Wal-Mart’s history of employment controversy is nothing new. Wal-Mart has been accused of such things as time-card tampering (whereby they moved overtime hours in one week to the next week so the employee won’t get paid overtime), leaving poisonous chemicals in an uncovered area, and telling its employees that the government provides healthcare and food assistance programs if they can’t afford those things on their near-minimum hourly wage. (Think the 2005 film, Wal-Mart: The High Cost of Low Price)
Why would these employees need government assistance if they work at America’s largest private employer? Simple. Because Wal-Mart offers no health care benefits, no retirement package, and pay very low wages.
Meanwhile, the Walton heirs, who amount to six individuals in this world, have amassed $89.5 billion in total assets. This is roughly the same amount of assets held by the bottom 40% of this nation.
Unfortunately for Wal-Mart, the Waltons, and Mr. Tovar, their employees can count. Right now, they’re counting the number of zeros worth of difference there is between $8.90/hour and $89 billion. (11 decimal places)
Perhaps not many workers have organized now, but give this story some time on the internet.
Let those 1.5 million people really mull over the real difference between the net worth of six whole people versus their net worth. Let them stew over why the Waltons would not offer any sort of benefits, pay them a decent wage, and look the other way when the law is broken through time card manipulation to avoid paying overtime.

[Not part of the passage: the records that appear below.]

lemma distance_row_sum_clique:
  assumes s: "0 < s" and t: "t < sum_list ns"
  defines "b \<equiv> clique_index ns t"
  shows "(\<Sum>j<s + sum_list ns. real (gdist (join_cliques s ns) (s + t) j) * block_vector s ns a y j)
       = real s * a + 2 * (\<Sum>k<length ns. real (ns ! k) * y k) - (real (ns ! b) + 1) * y b"
proof -
  define g where "g k = (if k = b then 1 else 2) * y k" for k
  have apex: "(\<Sum>j<s. real (gdist (join_cliques s ns) (s + t) j) * block_vector s ns a y j)
      = real s * a"
    using s t by (simp add: gdist_join_cliques block_vector_def)
  have "(\<Sum>u<sum_list ns. real (gdist (join_cliques s ns) (s + t) (s + u)) * block_vector s ns a y (s + u))
      = (\<Sum>u<sum_list ns. g (clique_index ns u) - (if u = t then y b else 0))"
    using s t by (intro sum.cong) (auto simp: gdist_join_cliques block_vector_def g_def b_def)
  also have "\<dots> = (\<Sum>k<length ns. real (ns ! k) * g k) - y b"
    using t by (simp add: sum_subtractf sum_clique_index)
  also have "(\<Sum>k<length ns. real (ns ! k) * g k)
      = (\<Sum>k<length ns. 2 * (real (ns ! k) * y k) - (if k = b then real (ns ! k) * y k else 0))"
    by (intro sum.cong) (auto simp: g_def)
  also have "\<dots> = 2 * (\<Sum>k<length ns. real (ns ! k) * y k) - real (ns ! b) * y b"
    using clique_index_less_length[OF t] by (simp add: sum_subtractf sum_distrib_left b_def)
  finally have cliques:
    "(\<Sum>u<sum_list ns. real (gdist (join_cliques s ns) (s + t) (s + u)) * block_vector s ns a y (s + u))
      = 2 * (\<Sum>k<length ns. real (ns ! k) * y k) - real (ns ! b) * y b - y b" .
  show ?thesis unfolding sum_lessThan_add apex cliques by (simp add: algebra_simps)
qed

definition block_sum :: "nat list \<Rightarrow> real \<Rightarrow> real" where
  "block_sum ns l = (\<Sum>k<length ns. real (ns ! k) / (l + real (ns ! k) + 1))"

text \<open>An eigenvector for the eigenvalue l with value a on K_s and y_k on the k-th clique,
  normalised by \<Sum>_k n_k y_k = 1, must have a = 1/(l - s + 1) and y_k = (s a + 2)/(l + n_k + 1);
  the normalisation then becomes secular s ns l = 1.\<close>

definition secular :: "nat \<Rightarrow> nat list \<Rightarrow> real \<Rightarrow> real" where
  "secular s ns l = (2 + real s / (l - real s + 1)) * block_sum ns l"

lemma distance_matrix_join_cliques:
  "distance_matrix (join_cliques s ns) \<in> carrier_mat (s + sum_list ns) (s + sum_list ns)"
  "i < s + sum_list ns \<Longrightarrow> j < s + sum_list ns \<Longrightarrow>
     distance_matrix (join_cliques s ns) $$ (i, j) = real (gdist (join_cliques s ns) i j)"
  by (auto simp: distance_matrix_def fst_join_cliques)

lemma join_cliques_eigenvector:
  assumes s: "0 < s" and l: "real s - 1 < l" and root: "secular s ns l = 1"
  defines "a \<equiv> 1 / (l - real s + 1)"
    and "y \<equiv> \<lambda>k. (real s / (l - real s + 1) + 2) / (l + real (ns ! k) + 1)"
  shows "distance_matrix (join_cliques s ns) *\<^sub>v vec (s + sum_list ns) (block_vector s ns a y)
       = l \<cdot>\<^sub>v vec (s + sum_list ns) (block_vector s ns a y)"
proof (rule eq_vecI)
  fix i assume "i < dim_vec (l \<cdot>\<^sub>v vec (s + sum_list ns) (block_vector s ns a y))"
  then have i: "i < s + sum_list ns" by simp
  have a: "a * (l - real s + 1) = 1" using l by (simp add: a_def)
  have y: "y k * (l + real (ns ! k) + 1) = real s * a + 2" for k
    using l s by (simp add: y_def a_def add_pos_nonneg)
  have T: "(\<Sum>k<length ns. real (ns ! k) * y k) = 1"
  proof -
    have "(\<Sum>k<length ns. real (ns ! k) * y k) = (real s / (l - real s + 1) + 2) * block_sum ns l"
      by (simp add: y_def block_sum_def sum_distrib_left mult_ac)
    also have "\<dots> = secular s ns l" by (simp add: secular_def)
    finally show ?thesis using root by simp
  qed
  have "(distance_matrix (join_cliques s ns) *\<^sub>v vec (s + sum_list ns) (block_vector s ns a y)) $ i
      = (\<Sum>j<s + sum_list ns. real (gdist (join_cliques s ns) i j) * block_vector s ns a y j)"
    using mat_vec_nth_sum[OF distance_matrix_join_cliques(1) _ i] i
    by (simp add: distance_matrix_join_cliques(2))
  also have "\<dots> = l * block_vector s ns a y i"
  proof (cases "i < s")
    case True
    then have "block_vector s ns a y i = a" by (simp add: block_vector_def)
    then show ?thesis
      using distance_row_sum_apex[OF s True, of ns a y] T a by (simp add: algebra_simps)
  next
    case False
    then obtain t where t: "i = s + t" "t < sum_list ns"
      using i by (metis add_less_cancel_left le_iff_add not_less)
    then have "block_vector s ns a y i = y (clique_index ns t)" by (simp add: block_vector_def)
    then show ?thesis
      using distance_row_sum_clique[OF s t(2), of a y] T y[of "clique_index ns t"] t(1)
      by (simp add: algebra_simps)
  qed
  finally show "(distance_matrix (join_cliques s ns) *\<^sub>v vec (s + sum_list ns) (block_vector s ns a y)) $ i
      = (l \<cdot>\<^sub>v vec (s + sum_list ns) (block_vector s ns a y)) $ i"
    using i by simp
qed (simp add: distance_matrix_def fst_join_cliques)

Let every single mother think about why the Waltons won’t spring for child care when they could well afford to provide free in-store day care for their parents and still have billions left over. Let every single father wonder why his time card was changed so that he wouldn’t have two hours of overtime, even after his lunch periods were duly deducted.
Let every Wal-Mart employee in America walk out of Wal-Mart and show them the high cost of high greed.
Wal-Mart employees need to gather their formidable strength and bring Wal-Mart to its knees. Last year Wal-Mart had a total revenue of $378.8 billion. That’s $10.3 billion Wal-Mart would lose in total revenue every day if every single store had to shut down due to an employee strike.
Wal-Mart employees: You have the power.
Not so long ago, a man by the name of Henry Ford got the novel idea to pay his employees enough money to pay all their bills and have a little left over to buy his product and other products. Sure, he wasn’t too friendly to unions later on, but they persevered. The unions took their licks and kept coming back for more.
Wal-Mart has never been friendly to unions, but unlike Ford, did not start out wanting to pay its employees a living wage. A strike against Wal-Mart won’t be pretty. However, the strikers have an advantage, because Wal-Mart can’t follow Ford’s pathway of sending their “private security” to “discuss matters of the union with the union leaders.”
Fear not these greedy giants, because if all of you start chopping, their beanstalk will soon begin to fall.